I have a large nested data structure and would like to pluck out a few parts to pass around for processing. Ultimately I want to send sections to multiple threads to update but I'd like to get my feet wet understanding the simple example I illustrate below. In C I would just assemble an array of the relevant pointers. It seems doable in Rust as the interior vectors will never need multiple mutable references. Here's the sample code.
fn main() {
let mut data = Data::new(vec![2, 3, 4]);
// this works
let slice = data.get_mut_slice(1);
slice[2] = 5.0;
println!("{:?}", data);
// what I would like to do
// let slices = data.get_mut_slices(vec![0, 1]);
// slices[0][0] = 2.0;
// slices[1][0] = 3.0;
// println!("{:?}", data);
}
#[derive(Debug)]
struct Data {
data: Vec<Vec<f64>>,
}
impl Data {
fn new(lengths: Vec<usize>) -> Data {
Data {
data: lengths.iter().map(|n| vec![0_f64; *n]).collect(),
}
}
fn get_mut_slice(&mut self, index: usize) -> &mut [f64] {
&mut self.data[index][..]
}
// doesnt work
// fn get_mut_slices(&mut self, indexes: Vec<usize>) -> Vec<&mut [f64]> {
// indexes.iter().map(|i| self.get_mut_slice(*i)).collect()
// }
}
This is possible using safe Rust as long as you're very careful. The trick is to leverage the unsafe Rust code in the standard library behind the safe .iter_mut()
and .nth()
methods on Vec
. Here's a working example with comments explaining the code in context:
fn main() {
let mut data = Data::new(vec![2, 3, 4]);
// this works
let slice = data.get_mut_slice(1);
slice[2] = 5.0;
println!("{:?}", data);
// and now this works too!
let mut slices = data.get_mut_slices(vec![0, 1]);
slices[0][0] = 2.0;
slices[1][0] = 3.0;
println!("{:?}", data);
}
#[derive(Debug)]
struct Data {
data: Vec<Vec<f64>>,
}
impl Data {
fn new(lengths: Vec<usize>) -> Data {
Data {
data: lengths.iter().map(|n| vec![0_f64; *n]).collect(),
}
}
fn get_mut_slice(&mut self, index: usize) -> &mut [f64] {
&mut self.data[index][..]
}
// now works!
fn get_mut_slices(&mut self, mut indexes: Vec<usize>) -> Vec<&mut [f64]> {
// sort indexes for easier processing
indexes.sort();
let index_len = indexes.len();
// early return for edge case
if index_len == 0 {
return Vec::new();
}
// check that the largest index is in bounds
let max_index = indexes[index_len - 1];
if max_index > self.data.len() {
panic!("{} index is out of bounds of data", max_index);
}
// check that we have no overlapping indexes
indexes.dedup();
let uniq_index_len = indexes.len();
if index_len != uniq_index_len {
panic!("cannot return aliased mut refs to overlapping indexes");
}
// leverage the unsafe code that's written in the standard library
// to safely get multiple unique disjoint mutable references
// out of the Vec
let mut mut_slices_iter = self.data.iter_mut();
let mut mut_slices = Vec::with_capacity(index_len);
let mut last_index = 0;
for curr_index in indexes {
mut_slices.push(
mut_slices_iter
.nth(curr_index - last_index)
.unwrap()
.as_mut_slice(),
);
last_index = curr_index;
}
// return results
mut_slices
}
}
What I believe I learned is that the Rust compiler demands an iterator in this situation because that is the only way it can know that each mut slice comes from a different vector.

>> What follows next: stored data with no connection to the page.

(* Let $m,K$ be positive integers and $b_1,\dots,b_{3m}$ positive integers with $K/4<b_i<K/2$ and $\sum_i b_i=mK$. Set $W=100(5m)^2K$, $a_i=b_i+W$, $A=\{a_1,\dots,a_{3m}\}$, $L=3W+K$, $\epsilon=1/(400(5m)^2)$, $h=\lfloor 4\epsilon L\rfloor$, $H=L+h$. Let $X$ be the multiset consisting of $a_1,\dots,a_{3m}$, $m$ copies of $-H$ and $m$ copies of $h$, and let $T_{\min}$ be a minimum-cost addition tree over $X$. Then $C(T_{\min})\ge m(H+h)$. Moreover, $C(T_{\min})=m(H+h)$ if and only if $(A,L)$ is a positive instance of 3-PARTITION.
   Context: An addition tree over a multiset $X$ is a full binary tree whose leaves are labeled by the elements of $X$ (each used once), each internal node having value equal to the sum of its children's values; its cost $C(T)$ is the sum of the absolute values of the values of its internal nodes, and $T_{\min}$ minimizes $C$. $(A,L)$ is a positive instance of 3-PARTITION if $A$ can be partitioned into $m$ disjoint submultisets each summing to $L$. *)

theory Defs
  imports Complex_Main "HOL-Library.Multiset"
begin

datatype atree = Leaf int | Node atree atree

fun leaves :: "atree \<Rightarrow> int multiset" where
  "leaves (Leaf x) = {#x#}"
| "leaves (Node l r) = leaves l + leaves r"

fun tval :: "atree \<Rightarrow> int" where
  "tval (Leaf x) = x"
| "tval (Node l r) = tval l + tval r"

fun cost :: "atree \<Rightarrow> int" where
  "cost (Leaf x) = 0"
| "cost (Node l r) = \<bar>tval l + tval r\<bar> + cost l + cost r"

definition addition_tree_over :: "atree \<Rightarrow> int multiset \<Rightarrow> bool" where
  "addition_tree_over T X \<longleftrightarrow> leaves T = X"

definition min_cost_tree :: "atree \<Rightarrow> int multiset \<Rightarrow> bool" where
  "min_cost_tree T X \<longleftrightarrow> addition_tree_over T X \<and>
     (\<forall>T'. addition_tree_over T' X \<longrightarrow> cost T \<le> cost T')"

definition three_partition_pos :: "int multiset \<Rightarrow> nat \<Rightarrow> int \<Rightarrow> bool" where
  "three_partition_pos A m L \<longleftrightarrow>
     (\<exists>P :: int multiset multiset. size P = m \<and> sum_mset P = A \<and>
        (\<forall>B\<in>#P. sum_mset B = L))"

end

(*
  A potential argument.  For a submultiset S of X let w(S) be the number of items a_i in S
  minus three times the number of copies of -H; then the sum of S is W w(S) plus an offset of
  absolute value at most (K + h) |S|, which is negligible against W.  The potential

    Phi(S) = W (6 #(-H in S) - psi(w(S))) + phi(S)

  is at most 0 on single leaves and grows by at most 2 |sum S1 + sum S2| when two disjoint
  subtrees S1, S2 are merged, so Phi(X) <= 2 C(T) for every addition tree T over X.  The
  function psi makes every merge cost an extra W unless it is one of the few merges occurring
  in the gadget trees ((y + z) - H + x) + h; for those, the lower order part phi, which only
  looks at the counts of items, -H's and h's in S and at the excess of the items over W, takes
  over.  At the root Phi(X) = 2 m (H + h) + 2 d, where d = 0 only if X splits into blocks
  {x, y, z, -H, h} of sum 0, i.e. if A has a 3-partition with sums L = H - h.  Conversely,
  the gadget trees of such a partition cost exactly m (H + h).
*)

theory Submission
  imports Defs
begin

lemma sum_mset_lower_bound:
  fixes f :: "'a \<Rightarrow> 'b::linordered_semiring_1"
  assumes "\<And>y. y \<in># F \<Longrightarrow> c \<le> f y"
  shows "of_nat (size F) * c \<le> (\<Sum>y\<in>#F. f y)"
  using sum_mset_mono[of F "\<lambda>_. c" f] assms by simp
(* Let $0<s<1$, $0<\tilde\delta<1/16$ and $1<\tilde R<1/s$, and let $n_0$ be the constant of the context. Then there exists $m_0''\in\mathbb{N}$ (depending on $s,\tilde\delta,\tilde R$) such that whenever $m>m_0''$, $1< R<\min(\tilde R,3/2)$, $(r_j)_{j=1}^{m-1}\in E_{\varepsilon}$ with $\varepsilon=\log(R^{1/n_0})$, $w\in\overline D(0,3/4)$ and $\tilde\delta\le\delta\le 1/16$, the map $\iota=\iota^{w,\delta,m,R,(r_j)}$ satisfies \[\operatorname{supp}(\iota_{\bar z})\subset\{z\in\mathbb{D}:|z|>s\}.\]
   Context: $\psi_{\delta,m}$: with $b(x)=\exp(1+\frac1{x^2-1})$ for $0\le x<1$, $b(x)=0$ for $x\ge 1$, $r=1-4\delta/m$, $\hat\eta(x)=1$ for $x\le r$, $\hat\eta(x)=b(\frac{x-r}{1-r})$ for $r\le x\le1$, $\hat\eta(x)=0$ for $x\ge1$, set $\psi_{\delta,m}(z)=z^m+\delta z\hat\eta(|z|)$ on $\mathbb{D}$. $\beta_{R,M,(r_j)}$ for $M\in\mathbb N$, $R>1$, $(r_j)_{j=1}^M\in E_\varepsilon$ (where $\xi_j=e^{(2j-1)\pi i/M}$ and $E_\varepsilon=\{(r_j)\in\prod_{j=1}^M\exp(\overline D(0,\varepsilon)):\frac{r_{j+1}\xi_{j+1}-r_j\xi_j}{\xi_{j+1}-\xi_j}\in\exp(\overline D(0,\varepsilon)),1\le j\le M\}$, indices mod $M$): it equals the identity on $|z|\ge R$ and $|z|\le R^{-1}$, and on $R^{-1}<|z|<R$ it is $\beta(e^\zeta)=e^{\hat\beta(\zeta)}$ where $\hat\beta$ is the $2\pi i$-periodic piecewise affine map on the strip $|\operatorname{Re}\zeta|\le\log R$, affine on the triangles $(a_j,a_{j+1},a_j^{\pm})$, $(a_{j+1},a_j^{\pm},a_{j+1}^{\pm})$ with $a_j=(2j-1)\pi i/M$, $a_j^\pm=\pm\log R+a_j$, fixing $a_j^\pm$ and sending $a_j\mapsto a_j+\operatorname{Log}r_j$. There are constants $m_0'$, $n_0$ such that for $M>m_0'$, $1<R<3/2$, $\varepsilon=\log(R^{1/n_0})$ this $\beta$ is a quasiconformal homeomorphism of $\mathbb{C}$ with $\beta(\xi_j)=r_j\xi_j$. For $\Lambda>0$ set $\beta^\Lambda(z)=\Lambda\beta(z/\Lambda)$. $\rho_w$ for $w\in\overline D(0,3/4)$: $\rho_w(z)=z+w$ for $|z|\le1/8$ and $\rho_w(z)=z\frac{8|z|-1}{7}+(z+w)\frac{8-8|z|}{7}$ for $1/8\le|z|\le1$. $\Lambda(\delta,m)=\delta(\delta/m)^{1/(m-1)}\frac{m-1}{m}$, and $\iota^{w,\delta,m,R,(r_j)}=\rho_w\circ\beta^{\Lambda(\delta,m)}_{R,m-1,(r_j)_{j=1}^{m-1}}\circ\psi_{\delta,m}:\mathbb{D}\to\mathbb{D}$. *)

theory Defs
  imports "HOL-Complex_Analysis.Complex_Analysis"
begin

definition bump :: "real \<Rightarrow> real" where
  "bump x = (if x < 1 then exp (1 + 1 / (x\<^sup>2 - 1)) else 0)"

definition eta_hat :: "real \<Rightarrow> real \<Rightarrow> real" where
  "eta_hat r x = (if x \<le> r then 1 else if x \<le> 1 then bump ((x - r) / (1 - r)) else 0)"

definition psi :: "real \<Rightarrow> nat \<Rightarrow> complex \<Rightarrow> complex" where
  "psi \<delta> m z = z ^ m + of_real \<delta> * z * of_real (eta_hat (1 - 4 * \<delta> / real m) (norm z))"

definition xi :: "nat \<Rightarrow> int \<Rightarrow> complex" where
  "xi M j = exp (of_real ((2 * of_int j - 1) * pi / real M) * \<i>)"

definition ridx :: "nat \<Rightarrow> int \<Rightarrow> nat" where
  "ridx M j = nat ((j - 1) mod int M) + 1"

definition E_set :: "real \<Rightarrow> nat \<Rightarrow> (nat \<Rightarrow> complex) set" where
  "E_set \<epsilon> M = {r. (\<forall>j\<in>{1..M}. r j \<in> exp ` cball 0 \<epsilon>) \<and>
     (\<forall>j\<in>{1..int M}.
        (r (ridx M (j+1)) * xi M (j+1) - r (ridx M j) * xi M j) / (xi M (j+1) - xi M j)
          \<in> exp ` cball 0 \<epsilon>)}"

text \<open>Displacement beta_hat(zeta) - zeta on the strip |Re zeta| <= log R: it is the affine
  interpolation on the triangles (a_j,a_(j+1),a_j^+-), (a_(j+1),a_j^+-,a_(j+1)^+-) of the values
  Log r_j at a_j and 0 at a_j^+-.  Here u = |Re zeta|/log R and t is the relative height of
  Im zeta in the band [Im a_j, Im a_(j+1)].\<close>

definition beta_hat :: "real \<Rightarrow> nat \<Rightarrow> (nat \<Rightarrow> complex) \<Rightarrow> complex \<Rightarrow> complex" where
  "beta_hat R M r \<zeta> =
    (let L = ln R; u = \<bar>Re \<zeta>\<bar> / L;
         j = \<lfloor>(Im \<zeta> * real M / pi + 1) / 2\<rfloor>;
         t = (Im \<zeta> - (2 * of_int j - 1) * pi / real M) / (2 * pi / real M);
         cj = Ln (r (ridx M j)); cj1 = Ln (r (ridx M (j + 1)));
         d = (if u + t \<le> 1 then of_real (1 - u - t) * cj + of_real t * cj1
              else of_real (1 - u) * cj1)
     in \<zeta> + d)"

definition beta :: "real \<Rightarrow> nat \<Rightarrow> (nat \<Rightarrow> complex) \<Rightarrow> complex \<Rightarrow> complex" where
  "beta R M r z = (if norm z \<ge> R \<or> norm z \<le> 1 / R then z else exp (beta_hat R M r (Ln z)))"

definition beta_scaled :: "real \<Rightarrow> real \<Rightarrow> nat \<Rightarrow> (nat \<Rightarrow> complex) \<Rightarrow> complex \<Rightarrow> complex" where
  "beta_scaled \<Lambda> R M r z = of_real \<Lambda> * beta R M r (z / of_real \<Lambda>)"

definition rho :: "complex \<Rightarrow> complex \<Rightarrow> complex" where
  "rho w z = (if norm z \<le> 1/8 then z + w
              else if norm z \<le> 1 then z * of_real ((8 * norm z - 1) / 7) + (z + w) * of_real ((8 - 8 * norm z) / 7)
              else z)"

definition Lam :: "real \<Rightarrow> nat \<Rightarrow> real" where
  "Lam \<delta> m = \<delta> * (\<delta> / real m) powr (1 / (real m - 1)) * (real m - 1) / real m"

definition iota :: "complex \<Rightarrow> real \<Rightarrow> nat \<Rightarrow> real \<Rightarrow> (nat \<Rightarrow> complex) \<Rightarrow> complex \<Rightarrow> complex" where
  "iota w \<delta> m R r = rho w \<circ> beta_scaled (Lam \<delta> m) R (m - 1) r \<circ> psi \<delta> m"

text \<open>For a continuous f on an open set U, the (distributional) support of f_zbar is the
  complement in U of the set of points having an open neighbourhood in U on which f is
  holomorphic (Weyl's lemma).\<close>

definition dbar_support :: "(complex \<Rightarrow> complex) \<Rightarrow> complex set \<Rightarrow> complex set" where
  "dbar_support f U = U - {z. \<exists>V. open V \<and> z \<in> V \<and> V \<subseteq> U \<and> f holomorphic_on V}"

end

theory Submission
  imports Defs "HOL-Real_Asymp.Real_Asymp"
begin

text \<open>Near the origin every factor of the composition is trivial: for large m and
  |z| \<le> \<rho> with s < \<rho> < 1/Rt, the cut-off in psi equals 1, so psi z = z^m + \<delta> z is
  tiny compared with Lam \<delta> m \<approx> \<delta>, hence lies in the disc of radius Lam/R on which
  the rescaled beta is the identity, and in the disc of radius 1/8 on which rho is a
  translation. Thus iota is the polynomial z^m + \<delta> z + w on the disc of radius \<rho>
  (whatever the r_j are), and its dbar-derivative vanishes there.\<close>

lemma dbar_support_subset_Diff:
  assumes "open V" "V \<subseteq> U" "f holomorphic_on V"
  shows "dbar_support f U \<subseteq> U - V"
  using assms by (auto simp: dbar_support_def)

lemma psi_eq_polynomial:
  assumes "norm z \<le> 1 - 4 * \<delta> / real m"
  shows "psi \<delta> m z = z ^ m + of_real \<delta> * z"
  using assms by (simp add: psi_def eta_hat_def)

lemma beta_scaled_eq_self:
  assumes "0 < \<Lambda>" "norm z \<le> \<Lambda> / R"
  shows "beta_scaled \<Lambda> R M r z = z"
proof -
  have "norm (z / of_real \<Lambda>) = norm z / \<Lambda>"
    using assms(1) by (simp add: norm_divide)
  also have "\<dots> \<le> (\<Lambda> / R) / \<Lambda>"
    using assms by (intro divide_right_mono) auto
  also have "\<dots> = 1 / R"
    using assms(1) by simp
  finally show ?thesis
    using assms(1) by (simp add: beta_scaled_def beta_def)
qed

lemma rho_eq_translation:
  assumes "norm z \<le> 1/8"
  shows "rho w z = z + w"
  using assms by (simp add: rho_def)

lemma Lam_pos:
  assumes "0 < \<delta>" "2 \<le> m"
  shows "0 < Lam \<delta> m"
  using assms by (simp add: Lam_def)

lemma Lam_ge_scaled:
  assumes "0 < \<delta>t" "\<delta>t \<le> \<delta>" "2 \<le> m"
  shows "\<delta> * (Lam \<delta>t m / \<delta>t) \<le> Lam \<delta> m"
proof -
  have "(\<delta>t / real m) powr (1 / (real m - 1)) \<le> (\<delta> / real m) powr (1 / (real m - 1))"
    using assms by (intro powr_mono2) (auto simp: divide_right_mono)
  then have "\<delta> * (\<delta>t / real m) powr (1 / (real m - 1)) \<le> \<delta> * (\<delta> / real m) powr (1 / (real m - 1))"
    using assms by (intro mult_left_mono) auto
  then show ?thesis
    using assms by (simp add: Lam_def divide_right_mono mult_right_mono)
qed

lemma Lam_div_tendsto_1:
  assumes "0 < \<delta>"
  shows "(\<lambda>m. Lam \<delta> m / \<delta>) \<longlonglongrightarrow> 1"
proof -
  have "(\<lambda>m::nat. (\<delta> / real m) powr (1 / (real m - 1)) * (real m - 1) / real m) \<longlonglongrightarrow> 1"
    using assms by real_asymp
  then show ?thesis
    using assms by (simp add: Lam_def)
qed

lemma iota_eq_polynomial:
  assumes "0 \<le> \<delta>" "0 < Lam \<delta> m" "norm z \<le> 1 - 4 * \<delta> / real m"
    and "norm z ^ m + \<delta> * norm z \<le> Lam \<delta> m / R" "norm z ^ m + \<delta> * norm z \<le> 1/8"
  shows "iota w \<delta> m R r z = z ^ m + of_real \<delta> * z + w"
proof -
  define p where "p = z ^ m + of_real \<delta> * z"
  have "norm p \<le> norm z ^ m + \<delta> * norm z"
    unfolding p_def using assms(1) norm_triangle_ineq[of "z ^ m" "of_real \<delta> * z"]
    by (simp add: norm_mult norm_power)
  then have "beta_scaled (Lam \<delta> m) R (m - 1) r p = p" "rho w p = p + w"
    using assms by (auto intro: beta_scaled_eq_self rho_eq_translation)
  then show ?thesis
    using assms(3) by (simp add: iota_def psi_eq_polynomial p_def)
qed

lemma iota_holomorphic_on_ball:
  assumes "0 \<le> \<delta>" "0 < Lam \<delta> m" "\<rho> \<le> 1 - 4 * \<delta> / real m"
    and "\<rho> ^ m + \<delta> * \<rho> \<le> Lam \<delta> m / R" "\<rho> ^ m + \<delta> * \<rho> \<le> 1/8"
  shows "iota w \<delta> m R r holomorphic_on ball 0 \<rho>"
proof (rule holomorphic_transform)
  show "(\<lambda>z. z ^ m + of_real \<delta> * z + w) holomorphic_on ball 0 \<rho>"
    by (intro holomorphic_intros)
next
  fix z :: complex
  assume "z \<in> ball 0 \<rho>"
  then have "norm z \<le> \<rho>" by simp
  then have "norm z ^ m + \<delta> * norm z \<le> \<rho> ^ m + \<delta> * \<rho>"
    using assms(1) by (intro add_mono power_mono mult_left_mono) auto
  with \<open>norm z \<le> \<rho>\<close> show "z ^ m + of_real \<delta> * z + w = iota w \<delta> m R r z"
    using assms by (intro iota_eq_polynomial[symmetric]) auto
qed

lemma eventually_disc_bounds:
  fixes \<delta>t Rt \<rho> :: real
  assumes "0 < \<delta>t" "0 < Rt" "0 < \<rho>" "\<rho> < 1" "\<rho> < 1 / Rt"
  shows "\<forall>\<^sub>F m in sequentially. 2 \<le> m \<and> (\<forall>\<delta>. \<delta>t \<le> \<delta> \<longrightarrow> \<delta> \<le> 1/16 \<longrightarrow>
           \<rho> \<le> 1 - 4 * \<delta> / real m \<and> \<rho> ^ m + \<delta> * \<rho> \<le> Lam \<delta> m / Rt \<and> \<rho> ^ m + \<delta> * \<rho> \<le> 1/8)"
proof -
  define c where "c m = Lam \<delta>t m / \<delta>t" for m
  \<comment> \<open>\<rho>^m decays while c m \<longrightarrow> 1, so \<rho>^m + \<delta> \<rho> < \<delta> c m / Rt \<le> Lam \<delta> m / Rt as \<rho> < 1/Rt.\<close>
  have "(\<lambda>m. \<delta>t * (c m / Rt - \<rho>) - \<rho> ^ m) \<longlonglongrightarrow> \<delta>t * (1 / Rt - \<rho>) - 0"
    unfolding c_def using assms
    by (intro tendsto_intros Lam_div_tendsto_1 LIMSEQ_realpow_zero) auto
  moreover have "0 < \<delta>t * (1 / Rt - \<rho>) - 0"
    using assms by simp
  ultimately have ev_Lam: "\<forall>\<^sub>F m in sequentially. \<rho> ^ m < \<delta>t * (c m / Rt - \<rho>)"
    by (auto dest: order_tendstoD(1))
  have ev_pow: "\<forall>\<^sub>F m in sequentially. \<rho> ^ m \<le> 1/16"
    using order_tendstoD(2)[OF LIMSEQ_realpow_zero[of \<rho>], of "1/16"] assms
    by (auto elim: eventually_mono)
  have ev_cutoff: "\<forall>\<^sub>F m::nat in sequentially. \<rho> \<le> 1 - 1 / (4 * real m)"
    using assms by real_asymp
  show ?thesis
    using ev_Lam ev_pow ev_cutoff eventually_ge_at_top[of 2]
  proof eventually_elim
    case (elim m)
    have "0 < c m / Rt - \<rho>"
    proof -
      have "0 \<le> \<rho> ^ m"
        using assms(3) by simp
      then have "0 < \<delta>t * (c m / Rt - \<rho>)"
        using elim(1) by linarith
      then show ?thesis
        using assms(1) zero_less_mult_pos by blast
    qed
    show ?case
    proof (intro conjI allI impI)
      fix \<delta> :: real
      assume \<delta>: "\<delta>t \<le> \<delta>" "\<delta> \<le> 1/16"
      have "\<rho> ^ m + \<delta> * \<rho> \<le> \<delta> * (c m / Rt - \<rho>) + \<delta> * \<rho>"
        using elim(1) \<delta>(1) \<open>0 < c m / Rt - \<rho>\<close> by (smt (verit) mult_right_mono)
      also have "\<dots> = \<delta> * c m / Rt"
        by (simp add: algebra_simps)
      also have "\<dots> \<le> Lam \<delta> m / Rt"
        unfolding c_def using \<delta> assms elim(4) by (intro divide_right_mono Lam_ge_scaled) auto
      finally show "\<rho> ^ m + \<delta> * \<rho> \<le> Lam \<delta> m / Rt" .
      have "\<delta> * \<rho> \<le> 1/16"
        using \<delta> assms mult_mono[of \<delta> "1/16" \<rho> 1] by simp
      then show "\<rho> ^ m + \<delta> * \<rho> \<le> 1/8"
        using elim(2) by linarith
      have "4 * \<delta> / real m \<le> 1 / (4 * real m)"
        using \<delta>(2) elim(4) by (simp add: field_simps)
      then show "\<rho> \<le> 1 - 4 * \<delta> / real m"
        using elim(3) by linarith
    qed (use elim(4) in simp)
  qed
qed

theorem proposition3p7:
  fixes s \<delta>t Rt :: real and n0 :: nat
  assumes "0 < s" "s < 1" "0 < \<delta>t" "\<delta>t < 1/16" "1 < Rt" "Rt < 1 / s" "n0 \<ge> 1"
  shows "\<exists>m0::nat. \<forall>m R r w \<delta>.
           m > m0 \<longrightarrow> 1 < R \<longrightarrow> R < min Rt (3/2) \<longrightarrow>
           r \<in> E_set (ln (R powr (1 / real n0))) (m - 1) \<longrightarrow>
           w \<in> cball 0 (3/4) \<longrightarrow> \<delta>t \<le> \<delta> \<longrightarrow> \<delta> \<le> 1/16 \<longrightarrow>
           dbar_support (iota w \<delta> m R r) (ball 0 1) \<subseteq> {z \<in> ball 0 1. norm z > s}"
proof -
  define \<rho> where "\<rho> = (s + 1 / Rt) / 2"
  have "s < 1 / Rt" "1 / Rt < 1"
    using assms by (auto simp: field_simps)
  then have \<rho>: "s < \<rho>" "\<rho> < 1 / Rt" "\<rho> < 1"
    by (auto simp: \<rho>_def)
  obtain m0 where m0: "\<And>m \<delta>. m \<ge> m0 \<Longrightarrow> \<delta>t \<le> \<delta> \<Longrightarrow> \<delta> \<le> 1/16 \<Longrightarrow> 2 \<le> m \<and>
      \<rho> \<le> 1 - 4 * \<delta> / real m \<and> \<rho> ^ m + \<delta> * \<rho> \<le> Lam \<delta> m / Rt \<and> \<rho> ^ m + \<delta> * \<rho> \<le> 1/8"
    using eventually_disc_bounds[of \<delta>t Rt \<rho>] assms \<rho>
    unfolding eventually_sequentially by fastforce
  show ?thesis
  proof (intro exI allI impI)
    fix m R r w \<delta>
    assume "m > m0" "1 < R" "R < min Rt (3/2)" "\<delta>t \<le> \<delta>" "\<delta> \<le> 1/16"
    then have m: "2 \<le> m" "\<rho> \<le> 1 - 4 * \<delta> / real m" "\<rho> ^ m + \<delta> * \<rho> \<le> Lam \<delta> m / Rt"
        "\<rho> ^ m + \<delta> * \<rho> \<le> 1/8"
      using m0[of m \<delta>] by auto
    have "0 < \<delta>"
      using assms(3) \<open>\<delta>t \<le> \<delta>\<close> by linarith
    then have "0 < Lam \<delta> m"
      using m(1) by (rule Lam_pos)
    moreover have "Lam \<delta> m / Rt \<le> Lam \<delta> m / R"
      using \<open>0 < Lam \<delta> m\<close> \<open>1 < R\<close> \<open>R < min Rt (3/2)\<close> by (intro divide_left_mono) auto
    ultimately have "iota w \<delta> m R r holomorphic_on ball 0 \<rho>"
      using \<open>0 < \<delta>\<close> m(2-4) by (intro iota_holomorphic_on_ball) auto
    then have "dbar_support (iota w \<delta> m R r) (ball 0 1) \<subseteq> ball 0 1 - ball 0 \<rho>"
      using \<rho> by (intro dbar_support_subset_Diff) auto
    then show "dbar_support (iota w \<delta> m R r) (ball 0 1) \<subseteq> {z \<in> ball 0 1. norm z > s}"
      using \<rho> by auto
  qed
qed

end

The compiler doesn't know that actually. All it knows is that the iterator returns mut references. The underlying implementation uses unsafe Rust but the method iter_mut()
itself is safe because the implementation guarantees to only emit each mut ref once and that all of the mut refs are unique.
Would the compiler complain if another
mut_slices_iter
was created in the for loop (which could grab the same data twice)?
Yes. Calling iter_mut()
on Vec
mutably borrows it and overlapping mutable borrows of the same data are against Rust's ownership rules, so you can't call iter_mut()
twice in the same scope (unless the iterator returned by the first call is dropped before the second call).
Also am I right that the
.nth
method will callnext()
n times so it is ultimately theta(n) on the first axis?
Not quite. That's the default implementation for nth
BUT the iterator returned by calling iter_mut()
on Vec
uses its own custom implementation and it seems to skip past items in the iterator without calling next()
so it should be as fast as if you were just regularly indexing into the Vec
, i.e. getting 3 randomly indexed items using .nth()
would be as fast on an iterator of 10000 items as it would be on an iterator of 10 items, although this is only specifically true for iterators created from collections which support fast random access like Vec
s.